There is no point making predictions but surely both major parties will lose seats and the preference distribution will anoint some less than useful new pollies, if the new good ones have to work with a minority government then the push is on and we’ll be better off.
Just a day after this article on Victorian corruption , The New Daily reports
The commission gave up on its own investigation because
The bigger picture.
Labor – promised to fix train crossings, way back when.
Coalition – Make the public suffer, we don’t care.
Labor – Dan said Crown wouldn’t lose it’s license if a royal commission was held
Coalition – nothing
Labor – Dan say Universities are now pseudo employment agencies
Coalition- nothing
Labor – Dan says a Ponzi construction is good for the building industry (stuff the public)
Coalition – nothing
Labor – Dan says Melbourne will have 11 million soon (stuff the public)
Coalition – nothing
Labor – a massive population expansion is the furture (stuff the public)
Coalition – nothing
Labor – our ideal of massive overpopulation will be fixed with $120B of train lines (stuff the public)
Coalition – nothing
Labor – Lets bring back the SEC
Coalition – Jeff, please help here
etc……….
I remember the good old days of dictator Henry Bolte who ended up being replaced by Rupert Hamer – the Turnbull equivalent.
Ruper Murdoch’s love of dictators is highly selective these days. Perhaps Dan isn’t ‘flexible’ enough.
Rupert Hamer was a far more effective and reasonable politician than Turnbull who was the best of a really destructive bunch and era , I don’t think a comparison is fair.
The single biggest issue for Labor is not corruption, because right now in the public mind the Liberals are streets ahead in that field. Areas where Labor excels, such as branch stacking have also been exposed in Liberal ranks. Even though the Libs are rank amateurs at the art of the stack compared to the ALP the mere presence of of stacking stories among the Libs in the media negates the issue.
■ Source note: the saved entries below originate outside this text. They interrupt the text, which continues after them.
text \<open>Suppose every edge of \<open>G\<close> has an endpoint in \<open>Z\<close>, and let \<open>p = 4k\<^sup>2\<close>.
  For a fixed \<open>x\<close> there are at most \<open>4\<^sup>p\<close> important \<open>(x, y\<^sup>*)\<close>-sets of boundary
  degree at most \<open>p\<close>, so the set \<open>F\<close> of edges of \<open>G\<^sup>*\<close> leaving one of the important
  sets forming \<open>Z\<close> has at most \<open>t \<cdot> 4\<^sup>p \<cdot> p\<close> elements. On the other hand, splitting
  \<open>Y - Z\<close> into two halves, well-connectedness yields \<open>\<lfloor>|Y - Z|/2\<rfloor>\<close> disjoint paths
  between them. Each path starts outside \<open>Z\<close>, so its first edge enters an important set
  and lies in \<open>F\<close>; these edges are distinct and different from the edges \<open>y\<^sup>*y\<close>,
  \<open>y \<in> Y \<inter> Z\<close>, which lie in \<open>F\<close> as well. Hence \<open>|Y| \<le> 2|F| + 1\<close>, contradicting the
  size of \<open>Y\<close>.\<close>

section \<open>Connectivity of induced subgraphs\<close>

definition induced_adj :: "'a set set \<Rightarrow> 'a set \<Rightarrow> ('a \<times> 'a) set" where
  "induced_adj E X = {(a, b). {a, b} \<in> E \<and> a \<in> X \<and> b \<in> X}"

lemma induced_adj_sym: "(a, b) \<in> induced_adj E X \<Longrightarrow> (b, a) \<in> induced_adj E X"
  by (auto simp: induced_adj_def insert_commute)

lemma induced_adj_rtrancl_sym:
  "(a, b) \<in> (induced_adj E X)\<^sup>* \<Longrightarrow> (b, a) \<in> (induced_adj E X)\<^sup>*"
  by (induction rule: rtrancl_induct)
    (auto intro: converse_rtrancl_into_rtrancl induced_adj_sym)

lemma induced_adj_rtrancl_closed:
  "(a, b) \<in> (induced_adj E X)\<^sup>* \<Longrightarrow> a \<in> X \<Longrightarrow> b \<in> X"
  by (induction rule: rtrancl_induct) (auto simp: induced_adj_def)

lemma induced_adj_rtrancl_mono:
  "X \<subseteq> X' \<Longrightarrow> E \<subseteq> E' \<Longrightarrow> (a, b) \<in> (induced_adj E X)\<^sup>* \<Longrightarrow> (a, b) \<in> (induced_adj E' X')\<^sup>*"
  by (erule rtrancl_mono[THEN subsetD, rotated]) (auto simp: induced_adj_def)

lemma is_path_nth_rtrancl:
  assumes "is_path X {e\<in>E. e \<subseteq> X} p" "j < length p"
  shows "(hd p, p ! j) \<in> (induced_adj E X)\<^sup>*"
  using assms(2)
proof (induction j)
  case 0
  then show ?case using assms(1) by (simp add: is_path_def hd_conv_nth)
next
  case (Suc j)
  have "{p ! j, p ! Suc j} \<in> E" "{p ! j, p ! Suc j} \<subseteq> X"
    using assms(1) Suc.prems unfolding is_path_def by blast+
  then have "(p ! j, p ! Suc j) \<in> induced_adj E X" by (simp add: induced_adj_def)
  with Suc show ?case by (meson Suc_lessD rtrancl_into_rtrancl)
qed

lemma is_path_take:
  assumes "is_path V E p" "0 < n"
  shows "is_path V E (take n p)"
  using assms set_take_subset[of n p] unfolding is_path_def by (auto simp: not_less)

lemma is_path_snoc:
  assumes "is_path V E p" "{last p, b} \<in> E" "b \<in> V" "b \<notin> set p"
  shows "is_path V E (p @ [b])"
  unfolding is_path_def
proof (intro conjI allI impI)
  show "distinct (p @ [b])" "set (p @ [b]) \<subseteq> V" using assms by (auto simp: is_path_def)
  fix i assume i: "Suc i < length (p @ [b])"
  show "{(p @ [b]) ! i, (p @ [b]) ! Suc i} \<in> E"
  proof (cases "Suc i < length p")
    case True
    then show ?thesis using assms(1) by (simp add: is_path_def nth_append)
  next
    case False
    with i have "i = length p - 1" "p \<noteq> []" by auto
    then show ?thesis using assms(2) by (simp add: nth_append last_conv_nth)
  qed
qed simp
(* Let $S$ be an LAD-AG-groupoid. Then $S$ is an AG$^{**}$-groupoid, i.e. $a(bc)=b(ac)$ for all $a,b,c\in S$.
   Context: A groupoid is a set $S$ with a binary operation written as juxtaposition; $ab\cdot c$ means $(ab)c$ and $a\cdot bc$ means $a(bc)$. An AG-groupoid is a groupoid satisfying the left invertive law $(ab)c=(cb)a$ for all $a,b,c\in S$. An LAD-AG-groupoid (left abelian distributive AG-groupoid) is an AG-groupoid satisfying $a(bc)=(ab)(ca)$ for all $a,b,c\in S$. *)

theory Defs
  imports Main
begin

definition AG_groupoid :: "('a \<Rightarrow> 'a \<Rightarrow> 'a) \<Rightarrow> bool" where
  "AG_groupoid m \<longleftrightarrow> (\<forall>a b c. m (m a b) c = m (m c b) a)"

definition LAD_AG_groupoid :: "('a \<Rightarrow> 'a \<Rightarrow> 'a) \<Rightarrow> bool" where
  "LAD_AG_groupoid m \<longleftrightarrow> AG_groupoid m \<and>
     (\<forall>a b c. m a (m b c) = m (m a b) (m c a))"

definition AG_star_star_groupoid :: "('a \<Rightarrow> 'a \<Rightarrow> 'a) \<Rightarrow> bool" where
  "AG_star_star_groupoid m \<longleftrightarrow> AG_groupoid m \<and>
     (\<forall>a b c. m a (m b c) = m b (m a c))"

end

theory Submission
  imports Defs
begin

text \<open>Left distributivity together with the medial law of AG-groupoids gives
  \<open>x(yz) = x(zy)\<close> and makes \<open>xx\<close> a left identity on products. The usual argument for
  AG-groupoids with a left identity \<open>e\<close>, \<open>a(bc) = (ea)(bc) = (eb)(ac) = b(ac)\<close>, then goes
  through with the two local identities \<open>aa\<close> and \<open>bb\<close>, which are exchanged by the identity
  \<open>(xy)(zz) = (zy)(xx)\<close>.\<close>

locale ag_groupoid =
  fixes mult :: "'a \<Rightarrow> 'a \<Rightarrow> 'a"  (infixl "\<cdot>" 70)
  assumes left_invertive: "a \<cdot> b \<cdot> c = c \<cdot> b \<cdot> a"
begin

lemma medial: "(a \<cdot> b) \<cdot> (c \<cdot> d) = (a \<cdot> c) \<cdot> (b \<cdot> d)"
proof -
  have "(a \<cdot> b) \<cdot> (c \<cdot> d) = (c \<cdot> d) \<cdot> b \<cdot> a" by (rule left_invertive)
  also have "\<dots> = b \<cdot> d \<cdot> c \<cdot> a" by (simp only: left_invertive[of c d b])
  also have "\<dots> = (a \<cdot> c) \<cdot> (b \<cdot> d)" by (rule left_invertive)
  finally show ?thesis .
qed

end

locale lad_ag_groupoid = ag_groupoid +
  assumes left_distrib: "a \<cdot> (b \<cdot> c) = (a \<cdot> b) \<cdot> (c \<cdot> a)"
begin

lemma right_factor_commute: "a \<cdot> (b \<cdot> c) = a \<cdot> (c \<cdot> b)"
proof -
  have "a \<cdot> (b \<cdot> c) = (a \<cdot> b) \<cdot> (c \<cdot> a)" by (rule left_distrib)
  also have "\<dots> = (a \<cdot> c) \<cdot> (b \<cdot> a)" by (rule medial)
  also have "\<dots> = a \<cdot> (c \<cdot> b)" by (rule left_distrib[symmetric])
  finally show ?thesis .
qed

lemma square_left_identity: "a \<cdot> a \<cdot> (b \<cdot> c) = a \<cdot> (b \<cdot> c)"
proof -
  have "a \<cdot> a \<cdot> (b \<cdot> c) = (a \<cdot> b) \<cdot> (a \<cdot> c)" by (rule medial)
  also have "\<dots> = (a \<cdot> b) \<cdot> (c \<cdot> a)" by (rule right_factor_commute)
  also have "\<dots> = a \<cdot> (b \<cdot> c)" by (rule left_distrib[symmetric])
  finally show ?thesis .
qed

lemma left_distrib_invertive: "a \<cdot> (b \<cdot> c) = c \<cdot> a \<cdot> b \<cdot> a"
  using left_distrib[of a b c] left_invertive[of a b "c \<cdot> a"] by (rule trans)

text \<open>Unfolding \<open>(ab)(cd)\<close> by \<open>left_distrib_invertive\<close> leaves both copies of \<open>ab\<close> as
  right factors of products, where \<open>right_factor_commute\<close> may reverse them.\<close>

lemma left_factor_commute: "(a \<cdot> b) \<cdot> (c \<cdot> d) = (b \<cdot> a) \<cdot> (c \<cdot> d)"
proof -
  have "(a \<cdot> b) \<cdot> (c \<cdot> d) = d \<cdot> (a \<cdot> b) \<cdot> c \<cdot> (a \<cdot> b)" by (rule left_distrib_invertive)
  also have "\<dots> = d \<cdot> (b \<cdot> a) \<cdot> c \<cdot> (b \<cdot> a)"
    by (simp only: right_factor_commute[of d a b] right_factor_commute[of "d \<cdot> (b \<cdot> a) \<cdot> c" a b])
  also have "\<dots> = (b \<cdot> a) \<cdot> (c \<cdot> d)" by (rule left_distrib_invertive[symmetric])
  finally show ?thesis .
qed

lemma exchange_squares: "(a \<cdot> b) \<cdot> (c \<cdot> c) = (c \<cdot> b) \<cdot> (a \<cdot> a)"
proof -
  have "(a \<cdot> b) \<cdot> (c \<cdot> c) = (a \<cdot> b) \<cdot> (a \<cdot> b) \<cdot> (c \<cdot> c)" by (rule square_left_identity[symmetric])
  also have "\<dots> = (a \<cdot> a) \<cdot> (b \<cdot> b) \<cdot> (c \<cdot> c)" by (simp only: medial[of a b a b])
  also have "\<dots> = (c \<cdot> c) \<cdot> (b \<cdot> b) \<cdot> (a \<cdot> a)" by (rule left_invertive)
  also have "\<dots> = (c \<cdot> b) \<cdot> (c \<cdot> b) \<cdot> (a \<cdot> a)" by (simp only: medial[of c c b b])
  also have "\<dots> = (c \<cdot> b) \<cdot> (a \<cdot> a)" by (rule square_left_identity)
  finally show ?thesis .
qed

lemma left_commute: "a \<cdot> (b \<cdot> c) = b \<cdot> (a \<cdot> c)"
proof -
  have "a \<cdot> (b \<cdot> c) = (a \<cdot> a) \<cdot> (b \<cdot> c)" by (rule square_left_identity[symmetric])
  also have "\<dots> = (a \<cdot> b) \<cdot> (a \<cdot> c)" by (rule medial)
  also have "\<dots> = (b \<cdot> a) \<cdot> (c \<cdot> a)"
    by (simp only: left_factor_commute[of a b] right_factor_commute[of "b \<cdot> a" a c])
  also have "\<dots> = (b \<cdot> c) \<cdot> (a \<cdot> a)" by (rule medial)
  also have "\<dots> = (a \<cdot> c) \<cdot> (b \<cdot> b)" by (rule exchange_squares)
  also have "\<dots> = (a \<cdot> b) \<cdot> (c \<cdot> b)" by (rule medial)
  also have "\<dots> = (b \<cdot> a) \<cdot> (b \<cdot> c)"
    by (simp only: left_factor_commute[of a b] right_factor_commute[of "b \<cdot> a" c b])
  also have "\<dots> = (b \<cdot> b) \<cdot> (a \<cdot> c)" by (rule medial)
  also have "\<dots> = b \<cdot> (a \<cdot> c)" by (rule square_left_identity)
  finally show ?thesis .
qed

end

theorem mainTheorem3:
  fixes m :: "'a \<Rightarrow> 'a \<Rightarrow> 'a"
  assumes "LAD_AG_groupoid m"
  shows "AG_star_star_groupoid m"
proof -
  interpret lad_ag_groupoid m
    using assms unfolding LAD_AG_groupoid_def AG_groupoid_def
    by unfold_locales blast+
  show ?thesis
    unfolding AG_star_star_groupoid_def AG_groupoid_def
    using left_invertive left_commute by blast
qed

end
As for dodgy deals with unions, well in the Libs we have dodgy deals with business. Most people see this back scratching of fellow political travellers as par for the course. We all know that Labor is affiliated with unions, just like the LNP is affiliated with business. So again people just shrug and move on. It’s also probably message fatigue, the right wing press and the LNP have been demonising unions for so long, without any real evidence of widespread wickidness that it appears to have lost it’s impact. Sure a handful of union leaders are thugs, but at the same time the media keep showing us that a handful of business leaders are crooks, and once again the stories balance each other out.
No the real risk for the ALP is that the Teals will gain a significant foothold. Once that happens the eventual disintegration of the Liberals is assured and a new party comprised of members of the current moderate wing of the LNP and the Teal will emerge. That will present a real threat to Labor.
So not in 2022. Maybe in 2026. Probably by 2030.
The Media fascination, (now including Crikey), with IBAC Investigations is rather disingenuous.
IBAC is doing exactly what it is supposed to do – Investigate, and then provide Reports, some of which may lead to Prosecutions for Law Breaking.
The thing is though, that regardless of how many times Daniel Andrews or others have been questioned or investigated, so far, there has been a limited amount of adverse findings and prosecutions, and certainly nothing of any substance relating to Daniel Andrews.
Merely being Investigated and/or questioned by IBAC does not automatically mean someone is corrupt.
Whatever happened to the Presumption of Innocence until Proven Guilty?